> PROBLEM STATEMENT
Each record must appear in your answer exactly as it does below.

> DATA SUPPLIED
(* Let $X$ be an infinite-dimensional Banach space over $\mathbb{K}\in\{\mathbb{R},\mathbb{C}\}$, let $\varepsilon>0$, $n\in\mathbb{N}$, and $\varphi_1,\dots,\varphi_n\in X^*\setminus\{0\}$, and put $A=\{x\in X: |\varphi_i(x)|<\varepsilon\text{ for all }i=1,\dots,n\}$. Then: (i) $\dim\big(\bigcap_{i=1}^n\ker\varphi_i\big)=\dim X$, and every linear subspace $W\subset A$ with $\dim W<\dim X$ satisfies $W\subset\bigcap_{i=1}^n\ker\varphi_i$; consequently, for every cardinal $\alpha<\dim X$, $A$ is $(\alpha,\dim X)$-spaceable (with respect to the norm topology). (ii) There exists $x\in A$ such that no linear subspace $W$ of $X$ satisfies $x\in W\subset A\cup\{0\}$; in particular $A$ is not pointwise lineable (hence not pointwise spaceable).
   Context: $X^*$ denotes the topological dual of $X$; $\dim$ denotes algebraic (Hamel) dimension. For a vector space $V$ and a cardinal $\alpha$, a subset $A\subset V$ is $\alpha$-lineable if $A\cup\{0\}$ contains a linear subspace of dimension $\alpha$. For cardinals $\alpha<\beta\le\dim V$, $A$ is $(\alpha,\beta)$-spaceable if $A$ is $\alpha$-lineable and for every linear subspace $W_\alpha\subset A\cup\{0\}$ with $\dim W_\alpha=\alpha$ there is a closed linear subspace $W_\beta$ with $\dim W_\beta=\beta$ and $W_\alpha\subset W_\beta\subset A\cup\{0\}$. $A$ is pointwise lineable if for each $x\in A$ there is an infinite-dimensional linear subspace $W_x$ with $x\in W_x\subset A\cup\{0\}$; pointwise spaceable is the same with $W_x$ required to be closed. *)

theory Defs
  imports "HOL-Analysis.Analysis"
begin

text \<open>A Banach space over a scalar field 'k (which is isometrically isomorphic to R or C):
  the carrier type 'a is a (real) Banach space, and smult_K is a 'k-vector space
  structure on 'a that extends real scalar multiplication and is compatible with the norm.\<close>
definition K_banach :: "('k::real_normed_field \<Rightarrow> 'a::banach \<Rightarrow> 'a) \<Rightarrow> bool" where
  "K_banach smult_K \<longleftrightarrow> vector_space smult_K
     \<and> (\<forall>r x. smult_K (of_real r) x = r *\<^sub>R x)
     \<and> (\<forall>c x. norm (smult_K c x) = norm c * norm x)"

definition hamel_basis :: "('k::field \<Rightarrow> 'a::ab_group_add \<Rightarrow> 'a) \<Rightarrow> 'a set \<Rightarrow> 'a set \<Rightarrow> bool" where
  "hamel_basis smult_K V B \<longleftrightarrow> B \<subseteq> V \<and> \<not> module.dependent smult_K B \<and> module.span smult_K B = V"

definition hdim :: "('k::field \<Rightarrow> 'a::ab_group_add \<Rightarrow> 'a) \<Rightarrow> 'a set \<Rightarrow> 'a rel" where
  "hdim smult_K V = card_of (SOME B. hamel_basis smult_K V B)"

> EXERCISE ANSWER
(* Let $X$ be an infinite-dimensional Banach space over $\mathbb{K}\in\{\mathbb{R},\mathbb{C}\}$, let $\varepsilon>0$, $n\in\mathbb{N}$, and $\varphi_1,\dots,\varphi_n\in X^*\setminus\{0\}$, and put $A=\{x\in X: |\varphi_i(x)|<\varepsilon\text{ for all }i=1,\dots,n\}$. Then: (i) $\dim\big(\bigcap_{i=1}^n\ker\varphi_i\big)=\dim X$, and every linear subspace $W\subset A$ with $\dim W<\dim X$ satisfies $W\subset\bigcap_{i=1}^n\ker\varphi_i$; consequently, for every cardinal $\alpha<\dim X$, $A$ is $(\alpha,\dim X)$-spaceable (with respect to the norm topology). (ii) There exists $x\in A$ such that no linear subspace $W$ of $X$ satisfies $x\in W\subset A\cup\{0\}$; in particular $A$ is not pointwise lineable (hence not pointwise spaceable).
   Context: $X^*$ denotes the topological dual of $X$; $\dim$ denotes algebraic (Hamel) dimension. For a vector space $V$ and a cardinal $\alpha$, a subset $A\subset V$ is $\alpha$-lineable if $A\cup\{0\}$ contains a linear subspace of dimension $\alpha$. For cardinals $\alpha<\beta\le\dim V$, $A$ is $(\alpha,\beta)$-spaceable if $A$ is $\alpha$-lineable and for every linear subspace $W_\alpha\subset A\cup\{0\}$ with $\dim W_\alpha=\alpha$ there is a closed linear subspace $W_\beta$ with $\dim W_\beta=\beta$ and $W_\alpha\subset W_\beta\subset A\cup\{0\}$. $A$ is pointwise lineable if for each $x\in A$ there is an infinite-dimensional linear subspace $W_x$ with $x\in W_x\subset A\cup\{0\}$; pointwise spaceable is the same with $W_x$ required to be closed. *)

theory Defs
  imports "HOL-Analysis.Analysis"
begin

text \<open>A Banach space over a scalar field 'k (which is isometrically isomorphic to R or C):
  the carrier type 'a is a (real) Banach space, and smult_K is a 'k-vector space
  structure on 'a that extends real scalar multiplication and is compatible with the norm.\<close>
definition K_banach :: "('k::real_normed_field \<Rightarrow> 'a::banach \<Rightarrow> 'a) \<Rightarrow> bool" where
  "K_banach smult_K \<longleftrightarrow> vector_space smult_K
     \<and> (\<forall>r x. smult_K (of_real r) x = r *\<^sub>R x)
     \<and> (\<forall>c x. norm (smult_K c x) = norm c * norm x)"

definition hamel_basis :: "('k::field \<Rightarrow> 'a::ab_group_add \<Rightarrow> 'a) \<Rightarrow> 'a set \<Rightarrow> 'a set \<Rightarrow> bool" where
  "hamel_basis smult_K V B \<longleftrightarrow> B \<subseteq> V \<and> \<not> module.dependent smult_K B \<and> module.span smult_K B = V"

definition hdim :: "('k::field \<Rightarrow> 'a::ab_group_add \<Rightarrow> 'a) \<Rightarrow> 'a set \<Rightarrow> 'a rel" where
  "hdim smult_K V = card_of (SOME B. hamel_basis smult_K V B)"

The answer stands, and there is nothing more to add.